— WORK REQUEST —
Could you write out the opening lines of the data, word for word, stopping after the line that contains "X \<partial>\<sigma>) has_derivative"?
------------------------------------------------
lemma sigma_conv_le:
  assumes "bounded_potential L \<phi>"
  shows "sigma_conv (psi_transform \<phi>) X \<le> measure \<sigma> (space \<sigma>) * psi_bound L"
proof -
  interpret finite_measure \<sigma>
    by (rule finite_\<sigma>)
  have "sigma_conv (psi_transform \<phi>) X \<le> (\<integral>Y. psi_bound L \<partial>\<sigma>)"
    unfolding sigma_conv_def
  proof (rule integral_mono_AE[OF integrable_sigma_conv[OF assms]])
    show "AE Y in \<sigma>. exp (psi_transform \<phi> Y / \<epsilon>) * gauss_kernel \<epsilon> X Y \<le> psi_bound L"
      using AE_\<sigma>_norm_le
    proof eventually_elim
      case (elim Y)
      show ?case
        using mult_mono[OF exp_psi_transform_le[OF assms elim] gauss_kernel_le_1[OF \<epsilon>_pos]]
          psi_bound_pos[of L] gauss_kernel_pos[of \<epsilon> X Y] by simp
    qed
  qed simp
  then show ?thesis
    by simp
qed

lemma continuous_on_sigma_conv:
  assumes "bounded_potential L \<phi>"
  shows "continuous_on UNIV (sigma_conv (psi_transform \<phi>))"
proof (intro continuous_at_imp_continuous_on ballI)
  fix X :: "real^2"
  have "((\<lambda>X. \<integral>Y. exp (psi_transform \<phi> Y / \<epsilon>) * gauss_kernel \<epsilon> Y X \<partial>\<sigma>) has_derivative
      (\<lambda>v. (\<integral>Y. (exp (psi_transform \<phi> Y / \<epsilon>) * gauss_kernel \<epsilon> Y X / \<epsilon>) *\<^sub>R (Y - X) \<partial>\<sigma>) \<bullet> v)) (at X)"
    by (rule has_derivative_gauss_kernel_integral[OF finite_\<sigma> \<epsilon>_pos measurable_id_\<sigma>
          measurable_exp_psi_transform[OF assms] R_nonneg AE_exp_psi_transform_le[OF assms]])
  moreover have "sigma_conv (psi_transform \<phi>)
      = (\<lambda>X. \<integral>Y. exp (psi_transform \<phi> Y / \<epsilon>) * gauss_kernel \<epsilon> Y X \<partial>\<sigma>)"
    unfolding sigma_conv_def by (simp add: gauss_kernel_commute)
  ultimately show "isCont (sigma_conv (psi_transform \<phi>)) X"
    by (simp add: has_derivative_continuous)
qed


lemma continuous_on_sinkhorn_map:
  assumes "bounded_potential L \<phi>"
  shows "continuous_on UNIV (sinkhorn_map \<phi>)"
proof -
  have "(\<lambda>X. \<kappa> * sigma_conv (psi_transform \<phi>) X) ` UNIV \<subseteq> {0..}"
    using \<kappa>_pos sigma_conv_nonneg by auto
  then have "continuous_on UNIV (\<lambda>X. lambert_W0 (\<kappa> * sigma_conv (psi_transform \<phi>) X))"
    by (intro continuous_on_compose2[OF continuous_on_lambert_W0]
        continuous_intros continuous_on_sigma_conv[OF assms])
  then show ?thesis
    unfolding sinkhorn_map_def phi_transform_def[abs_def] by (intro continuous_intros)
qed

text \<open>The constant is chosen so that
  \<open>\<kappa> \<sigma>(\<real>\<^sup>2) psi_bound potential_bound = (potential_bound / \<epsilon>) e\<^bsup>potential_bound / \<epsilon>\<^esup>\<close>,
  which makes the Sinkhorn map preserve potentials with values in \<open>[-potential_bound, 0]\<close>.\<close>

definition potential_bound :: real where
  "potential_bound = \<epsilon> * \<kappa> * measure \<sigma> (space \<sigma>) * exp ((2 * R)\<^sup>2 / (2 * \<epsilon>)) / measure \<mu> \<Omega>"

lemma potential_bound_nonneg: "0 \<le> potential_bound"
  unfolding potential_bound_def using \<epsilon>_pos \<kappa>_pos measure_\<Omega>_pos by simp

lemma lambert_W0_sinkhorn_le:
  assumes "bounded_potential potential_bound \<phi>"
  shows "lambert_W0 (\<kappa> * sigma_conv (psi_transform \<phi>) X) \<le> potential_bound / \<epsilon>"
proof (rule lambert_W0_le)
  show "0 \<le> \<kappa> * sigma_conv (psi_transform \<phi>) X"
    using \<kappa>_pos sigma_conv_nonneg by simp
  show "0 \<le> potential_bound / \<epsilon>"
    using potential_bound_nonneg \<epsilon>_pos by simp
  have "\<kappa> * sigma_conv (psi_transform \<phi>) X \<le> \<kappa> * (measure \<sigma> (space \<sigma>) * psi_bound potential_bound)"
    using sigma_conv_le[OF assms] \<kappa>_pos by (intro mult_left_mono) auto
  also have "\<dots> = (\<kappa> * measure \<sigma> (space \<sigma>) * exp ((2 * R)\<^sup>2 / (2 * \<epsilon>)) / measure \<mu> \<Omega>)
      * exp (potential_bound / \<epsilon>)"
    unfolding psi_bound_def by (simp add: field_simps)
  also have "\<kappa> * measure \<sigma> (space \<sigma>) * exp ((2 * R)\<^sup>2 / (2 * \<epsilon>)) / measure \<mu> \<Omega> = potential_bound / \<epsilon>"
    unfolding potential_bound_def using \<epsilon>_pos by simp
  finally show "\<kappa> * sigma_conv (psi_transform \<phi>) X \<le> potential_bound / \<epsilon> * exp (potential_bound / \<epsilon>)" .
qed

lemma sinkhorn_map_bounds:
  assumes "bounded_potential potential_bound \<phi>"
  shows "- potential_bound \<le> sinkhorn_map \<phi> X" "sinkhorn_map \<phi> X \<le> 0"
proof -
  have "0 \<le> \<kappa> * sigma_conv (psi_transform \<phi>) X"
    using \<kappa>_pos sigma_conv_nonneg by simp
  then show "sinkhorn_map \<phi> X \<le> 0"
    unfolding sinkhorn_map_def phi_transform_def using lambert_W0_nonneg \<epsilon>_pos by simp
  have "\<epsilon> * lambert_W0 (\<kappa> * sigma_conv (psi_transform \<phi>) X) \<le> \<epsilon> * (potential_bound / \<epsilon>)"
    using lambert_W0_sinkhorn_le[OF assms] \<epsilon>_pos by (intro mult_left_mono) auto
  then show "- potential_bound \<le> sinkhorn_map \<phi> X"
    unfolding sinkhorn_map_def phi_transform_def using \<epsilon>_pos by simp
qed

lemma mu_conv_le_exp_mult:
  assumes "bounded_potential L \<phi>\<^sub>1" "bounded_potential L \<phi>\<^sub>2" "\<forall>X\<in>\<Omega>. \<bar>\<phi>\<^sub>1 X - \<phi>\<^sub>2 X\<bar> \<le> d"
  shows "mu_conv \<phi>\<^sub>1 Y \<le> exp (d / \<epsilon>) * mu_conv \<phi>\<^sub>2 Y"
proof -
  have "mu_conv \<phi>\<^sub>1 Y \<le> (\<integral>X. exp (d / \<epsilon>) * (exp (\<phi>\<^sub>2 X / \<epsilon>) * gauss_kernel \<epsilon> X Y) \<partial>\<mu>)"
    unfolding mu_conv_def
  proof (rule integral_mono[OF integrable_mu_conv[OF assms(1)]])
    show "integrable \<mu> (\<lambda>X. exp (d / \<epsilon>) * (exp (\<phi>\<^sub>2 X / \<epsilon>) * gauss_kernel \<epsilon> X Y))"
      using integrable_mu_conv[OF assms(2)] by simp
    fix X
    assume "X \<in> space \<mu>"
    then have "\<phi>\<^sub>1 X \<le> d + \<phi>\<^sub>2 X"
      using assms(3) by (auto simp: abs_le_iff)
    then have "\<phi>\<^sub>1 X / \<epsilon> \<le> d / \<epsilon> + \<phi>\<^sub>2 X / \<epsilon>"
      using \<epsilon>_pos by (simp add: add_divide_distrib[symmetric] divide_right_mono)
    then have "exp (\<phi>\<^sub>1 X / \<epsilon>) \<le> exp (d / \<epsilon>) * exp (\<phi>\<^sub>2 X / \<epsilon>)"
      by (simp add: exp_add[symmetric])
    then show "exp (\<phi>\<^sub>1 X / \<epsilon>) * gauss_kernel \<epsilon> X Y
        \<le> exp (d / \<epsilon>) * (exp (\<phi>\<^sub>2 X / \<epsilon>) * gauss_kernel \<epsilon> X Y)"
      using gauss_kernel_pos[of \<epsilon> X Y] by (simp add: mult.assoc[symmetric])
  qed
  then show ?thesis
    unfolding mu_conv_def by simp
qed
------------------------------------------------
— RESULT OF THE EXERCISE —
lemma sigma_conv_le:
  assumes "bounded_potential L \<phi>"
  shows "sigma_conv (psi_transform \<phi>) X \<le> measure \<sigma> (space \<sigma>) * psi_bound L"
proof -
  interpret finite_measure \<sigma>
    by (rule finite_\<sigma>)
  have "sigma_conv (psi_transform \<phi>) X \<le> (\<integral>Y. psi_bound L \<partial>\<sigma>)"
    unfolding sigma_conv_def
  proof (rule integral_mono_AE[OF integrable_sigma_conv[OF assms]])
    show "AE Y in \<sigma>. exp (psi_transform \<phi> Y / \<epsilon>) * gauss_kernel \<epsilon> X Y \<le> psi_bound L"
      using AE_\<sigma>_norm_le
    proof eventually_elim
      case (elim Y)
      show ?case
        using mult_mono[OF exp_psi_transform_le[OF assms elim] gauss_kernel_le_1[OF \<epsilon>_pos]]
          psi_bound_pos[of L] gauss_kernel_pos[of \<epsilon> X Y] by simp
    qed
  qed simp
  then show ?thesis
    by simp
qed

lemma continuous_on_sigma_conv:
  assumes "bounded_potential L \<phi>"
  shows "continuous_on UNIV (sigma_conv (psi_transform \<phi>))"
proof (intro continuous_at_imp_continuous_on ballI)
  fix X :: "real^2"
  have "((\<lambda>X. \<integral>Y. exp (psi_transform \<phi> Y / \<epsilon>) * gauss_kernel \<epsilon> Y X \<partial>\<sigma>) has_derivative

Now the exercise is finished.